> PROBLEM STATEMENT
If a line in the data contains "union", copy it out.

[Dataset entries]
text \<open>The isoperimetric hypothesis is used only through the trapezoidal line integral \<open>\<integral> g df\<close>
  of two 1-Lipschitz functions on vertices: it is unchanged by backtracks and a face contributes
  at most \<open>N\<^sup>2/2\<close>, so on every loop \<open>\<gamma>\<close> it is at most \<open>max (9M\<^sup>2) (M |\<gamma>| / 2)\<close> with \<open>M = \<kappa>N\<^sup>2\<close>.
  Let \<open>f\<close> be the distance to a vertex \<open>z = \<alpha>(t0)\<close> of a geodesic \<open>\<alpha>\<close>, truncated at \<open>R\<close>, and \<open>g\<close>
  the distance to the start of \<open>\<alpha>\<close>. Along \<open>\<alpha>\<close> from \<open>t0 - R\<close> to \<open>t0 + R\<close> the integral is \<open>R\<^sup>2\<close>,
  while it vanishes on any path avoiding the \<open>R\<close>-ball about \<open>z\<close>; so short detours around that
  ball force \<open>R = O(M)\<close>. For \<open>z\<close> the point of one side of a geodesic triangle farthest from
  the other two, detours are built along the other two sides, with one shortcut near the
  opposite corner obtained from the same estimate for a triangle with a short side. This
  bounds the distance by \<open>15M\<close>, and \<open>1 + 15M \<le> 120\<kappa>\<^sup>2N\<^sup>3\<close>.\<close>

section \<open>Edge paths and the vertex metric\<close>

definition reachable :: "('v,'e,'f) cx \<Rightarrow> 'v \<Rightarrow> 'v \<Rightarrow> bool" where
  "reachable X u v \<longleftrightarrow> (\<exists>p. path_from X u v p)"

text \<open>\<open>vdist\<close> is \<open>0\<close> for vertices in different components, so its metric properties need
  \<open>reachable\<close> hypotheses.\<close>

definition vdist :: "('v,'e,'f) cx \<Rightarrow> 'v \<Rightarrow> 'v \<Rightarrow> nat" where
  "vdist X u v = (LEAST n. \<exists>p. path_from X u v p \<and> length p = n)"

definition geod :: "('v,'e,'f) cx \<Rightarrow> 'v \<Rightarrow> 'v \<Rightarrow> ('e \<times> bool) list \<Rightarrow> bool" where
  "geod X u v p \<longleftrightarrow> path_from X u v p \<and> length p = vdist X u v"

text \<open>Vertex number \<open>i\<close> of \<open>p\<close> started at \<open>u\<close>, vertex \<open>0\<close> being \<open>u\<close>; meaningful for \<open>i \<le> length p\<close>.\<close>

definition pvert :: "('v,'e,'f) cx \<Rightarrow> 'v \<Rightarrow> ('e \<times> bool) list \<Rightarrow> nat \<Rightarrow> 'v" where
  "pvert X u p i = (if i = 0 then u else dtgt X (p ! (i - 1)))"

definition path_verts :: "('v,'e,'f) cx \<Rightarrow> 'v \<Rightarrow> ('e \<times> bool) list \<Rightarrow> 'v set" where
  "path_verts X u p = pvert X u p ` {..length p}"

definition rev_path :: "('e \<times> bool) list \<Rightarrow> ('e \<times> bool) list" where
  "rev_path p = rev (map dinv p)"

lemma dsrc_dinv [simp]: "dsrc X (dinv d) = dtgt X d"
  by (cases d) (simp add: dsrc_def dtgt_def dinv_def)

lemma dtgt_dinv [simp]: "dtgt X (dinv d) = dsrc X d"
  by (cases d) (simp add: dsrc_def dtgt_def dinv_def)

lemma dinv_dinv [simp]: "dinv (dinv d) = d"
  by (simp add: dinv_def)

lemma rev_path_rev_path [simp]: "rev_path (rev_path p) = p"
  by (simp add: rev_path_def rev_map comp_def)

lemma length_rev_path [simp]: "length (rev_path p) = length p"
  by (simp add: rev_path_def)

lemma pvert_0 [simp]: "pvert X u p 0 = u"
  by (simp add: pvert_def)

lemma pvert_Suc: "pvert X u p (Suc i) = dtgt X (p ! i)"
  by (simp add: pvert_def)

lemma path_from_iff:
  "path_from X u v p \<longleftrightarrow> u \<in> verts X \<and> fst ` set p \<subseteq> edges X \<and>
     (\<forall>i<length p. dsrc X (p ! i) = pvert X u p i) \<and> pvert X u p (length p) = v"
proof (cases p)
  case Nil
  then show ?thesis by (auto simp: path_from_def is_path_def)
next
  case (Cons d q)
  have "(\<forall>i. Suc i < length p \<longrightarrow> dtgt X (p ! i) = dsrc X (p ! Suc i)) \<and> dsrc X (hd p) = u
      \<longleftrightarrow> (\<forall>i<length p. dsrc X (p ! i) = pvert X u p i)"
    using Cons by (auto simp: pvert_def less_Suc_eq_0_disj)
  moreover have "dtgt X (last p) = pvert X u p (length p)"
    using Cons by (simp add: pvert_def last_conv_nth)
  ultimately show ?thesis
    using Cons by (auto simp: path_from_def is_path_def)
qed

lemma path_from_pvert_end: "path_from X u v p \<Longrightarrow> pvert X u p (length p) = v"
  by (simp add: path_from_iff)

lemma path_from_dsrc: "path_from X u v p \<Longrightarrow> i < length p \<Longrightarrow> dsrc X (p ! i) = pvert X u p i"
  by (simp add: path_from_iff)

lemma pvert_take: "k \<le> i \<Longrightarrow> i \<le> length p \<Longrightarrow> pvert X u (take i p) k = pvert X u p k"
  by (auto simp: pvert_def)

lemma pvert_drop: "i + k \<le> length p \<Longrightarrow> pvert X (pvert X u p i) (drop i p) k = pvert X u p (i + k)"
  by (cases k) (auto simp: pvert_def)

lemma pvert_append_left: "k \<le> length p \<Longrightarrow> pvert X u (p @ q) k = pvert X u p k"
  by (auto simp: pvert_def nth_append)

lemma pvert_append_right: "pvert X u (p @ q) (length p + k) = pvert X (pvert X u p (length p)) q k"
  by (cases k) (auto simp: pvert_def nth_append)

lemma path_from_take: "path_from X u v p \<Longrightarrow> i \<le> length p \<Longrightarrow> path_from X u (pvert X u p i) (take i p)"
  unfolding path_from_iff by (auto simp: pvert_take dest: in_set_takeD)

lemma path_from_append: "path_from X u v p \<Longrightarrow> path_from X v w q \<Longrightarrow> path_from X u w (p @ q)"
proof -
  assume p: "path_from X u v p" and q: "path_from X v w q"
  have "dsrc X ((p @ q) ! i) = pvert X u (p @ q) i" if "i < length (p @ q)" for i
  proof (cases "i < length p")
    case True
    then show ?thesis using p by (simp add: nth_append pvert_append_left path_from_iff)
  next
    case False
    then obtain k where "i = length p + k" by (metis le_Suc_ex not_less)
    then show ?thesis using p q that by (simp add: nth_append pvert_append_right path_from_iff)
  qed
  moreover have "pvert X u (p @ q) (length (p @ q)) = w"
    using pvert_append_right[of X u p q "length q"] p q by (simp add: path_from_iff)
  ultimately show ?thesis using p q by (auto simp: path_from_iff)
qed

lemma path_verts_pvert: "k \<le> length p \<Longrightarrow> pvert X u p k \<in> path_verts X u p"
  by (simp add: path_verts_def)

lemma path_verts_start: "u \<in> path_verts X u p"
  using path_verts_pvert[of 0 p X u] by simp

lemma path_verts_end: "path_from X u v p \<Longrightarrow> v \<in> path_verts X u p"
  using path_verts_pvert[of "length p" p X u] by (simp add: path_from_pvert_end)

lemma path_verts_cases: "x \<in> path_verts X u p \<Longrightarrow> (\<And>k. k \<le> length p \<Longrightarrow> x = pvert X u p k \<Longrightarrow> P) \<Longrightarrow> P"
  by (auto simp: path_verts_def)

lemma finite_path_verts [simp]: "finite (path_verts X u p)"
  by (simp add: path_verts_def)

lemma path_verts_append:
  assumes "path_from X u v p"
  shows "path_verts X u (p @ q) = path_verts X u p \<union> path_verts X v q"
proof -
  have "pvert X u (p @ q) k \<in> path_verts X u p \<union> path_verts X v q" if "k \<le> length (p @ q)" for k
  proof (cases "k \<le> length p")
    case True
    then show ?thesis by (simp add: pvert_append_left path_verts_pvert)
  next
    case False
    then obtain j where "k = length p + j" by (metis le_Suc_ex nat_le_linear)
    then show ?thesis using that assms
      by (simp add: pvert_append_right path_from_pvert_end path_verts_pvert)
  qed
  moreover have "pvert X u p k \<in> path_verts X u (p @ q)" if "k \<le> length p" for k
    using that path_verts_pvert[of k "p @ q" X u] by (simp add: pvert_append_left)
  moreover have "pvert X v q j \<in> path_verts X u (p @ q)" if "j \<le> length q" for j
    using that path_verts_pvert[of "length p + j" "p @ q" X u] pvert_append_right[of X u p q j] assms
    by (simp add: path_from_pvert_end)
  ultimately show ?thesis
    by (auto elim!: path_verts_cases) fastforce
qed

locale complex2 =
  fixes X :: "('v,'e,'f) cx"
  assumes two_complex: "two_complex X"
begin

lemma dsrc_in_verts: "fst d \<in> edges X \<Longrightarrow> dsrc X d \<in> verts X"
  using two_complex by (auto simp: two_complex_def dsrc_def)

lemma dtgt_in_verts: "fst d \<in> edges X \<Longrightarrow> dtgt X d \<in> verts X"
  using two_complex by (auto simp: two_complex_def dtgt_def)

lemma pvert_in_verts:
  assumes "path_from X u v p" "i \<le> length p"
  shows "pvert X u p i \<in> verts X"
proof (cases i)
  case 0
  then show ?thesis using assms by (simp add: path_from_iff)
next
  case (Suc j)
  then have "fst (p ! j) \<in> edges X" using assms by (auto simp: path_from_iff)
  then show ?thesis using Suc by (simp add: pvert_Suc dtgt_in_verts)
qed

lemma path_from_drop:
  assumes p: "path_from X u v p" and i: "i \<le> length p"
  shows "path_from X (pvert X u p i) v (drop i p)"
  unfolding path_from_iff
proof (intro conjI allI impI)
  show "pvert X u p i \<in> verts X" using pvert_in_verts[OF p i] .
  show "fst ` set (drop i p) \<subseteq> edges X" using p set_drop_subset[of i p] by (auto simp: path_from_iff)
  show "dsrc X (drop i p ! k) = pvert X (pvert X u p i) (drop i p) k" if "k < length (drop i p)" for k
    using that i path_from_dsrc[OF p, of "i + k"] pvert_drop[of i k p X u] by simp
  show "pvert X (pvert X u p i) (drop i p) (length (drop i p)) = v"
    using i pvert_drop[of i "length p - i" p X u] path_from_pvert_end[OF p] by simp
qed

lemma pvert_rev_path:
  assumes p: "path_from X u v p" and k: "k \<le> length p"
  shows "pvert X v (rev_path p) k = pvert X u p (length p - k)"
proof (cases k)
  case 0
  then show ?thesis using path_from_pvert_end[OF p] by simp
next
  case (Suc j)
  then have "pvert X v (rev_path p) k = dsrc X (p ! (length p - Suc j))"
    using k by (simp add: pvert_def rev_path_def rev_nth)
  then show ?thesis using path_from_dsrc[OF p] k Suc by simp
qed

lemma path_from_rev_path:
  assumes p: "path_from X u v p"
  shows "path_from X v u (rev_path p)"
  unfolding path_from_iff
proof (intro conjI allI impI)
  show "v \<in> verts X" using pvert_in_verts[OF p, of "length p"] path_from_pvert_end[OF p] by simp
  show "fst ` set (rev_path p) \<subseteq> edges X" using p by (auto simp: rev_path_def path_from_iff dinv_def)
  show "dsrc X (rev_path p ! k) = pvert X v (rev_path p) k" if "k < length (rev_path p)" for k
  proof -
    have "dsrc X (rev_path p ! k) = pvert X u p (Suc (length p - Suc k))"
      using that by (simp add: rev_path_def rev_nth pvert_Suc)
    then show ?thesis using that pvert_rev_path[OF p, of k] by (simp add: Suc_diff_Suc)
  qed
  show "pvert X v (rev_path p) (length (rev_path p)) = u"
    using pvert_rev_path[OF p, of "length p"] by simp
qed

lemma path_verts_rev_path:
  assumes p: "path_from X u v p"
  shows "path_verts X v (rev_path p) = path_verts X u p"
proof -
  have "pvert X u p k \<in> path_verts X v (rev_path p)" if "k \<le> length p" for k
    using path_verts_pvert[of "length p - k" "rev_path p" X v] pvert_rev_path[OF p, of "length p - k"] that
    by simp
  then show ?thesis
    using pvert_rev_path[OF p] by (auto simp: path_verts_def)
qed

lemma path_verts_drop:
  "i \<le> length p \<Longrightarrow> path_verts X (pvert X u p i) (drop i p) \<subseteq> path_verts X u p"
  by (auto simp: path_verts_def pvert_drop)

lemma reachable_sym: "reachable X u v \<Longrightarrow> reachable X v u"
  using path_from_rev_path by (auto simp: reachable_def)

lemma reachable_trans: "reachable X u v \<Longrightarrow> reachable X v w \<Longrightarrow> reachable X u w"
  unfolding reachable_def by (meson path_from_append)

lemma reachable_pvert: "path_from X u v p \<Longrightarrow> i \<le> length p \<Longrightarrow> reachable X u (pvert X u p i)"
  unfolding reachable_def by (meson path_from_take)

lemma reachable_path_verts: "path_from X u v p \<Longrightarrow> x \<in> path_verts X u p \<Longrightarrow> reachable X u x"
  by (erule path_verts_cases) (simp add: reachable_pvert)

lemma vdist_le: "path_from X u v p \<Longrightarrow> vdist X u v \<le> length p"
  unfolding vdist_def by (rule Least_le) blast

lemma geod_exists: "reachable X u v \<Longrightarrow> \<exists>p. geod X u v p"
  unfolding geod_def vdist_def reachable_def by (rule LeastI_ex) blast

lemma vdist_refl: "u \<in> verts X \<Longrightarrow> vdist X u u = 0"
  using vdist_le[of u u "[]"] by (simp add: path_from_def is_path_def)

lemma vdist_sym: "reachable X u v \<Longrightarrow> vdist X u v = vdist X v u"
proof -
  have le: "vdist X v u \<le> vdist X u v" if "reachable X u v" for u v
    using geod_exists[OF that] vdist_le[OF path_from_rev_path] by (fastforce simp: geod_def)
  show "reachable X u v \<Longrightarrow> ?thesis" using le[of u v] le[of v u] reachable_sym by fastforce
qed

lemma vdist_triangle: "reachable X u v \<Longrightarrow> reachable X v w \<Longrightarrow> vdist X u w \<le> vdist X u v + vdist X v w"
  using geod_exists[of u v] geod_exists[of v w] vdist_le[OF path_from_append]
  by (fastforce simp: geod_def)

> EXERCISE OUTPUT
  shows "path_verts X u (p @ q) = path_verts X u p \<union> path_verts X v q"
  have "pvert X u (p @ q) k \<in> path_verts X u p \<union> path_verts X v q" if "k \<le> length (p @ q)" for k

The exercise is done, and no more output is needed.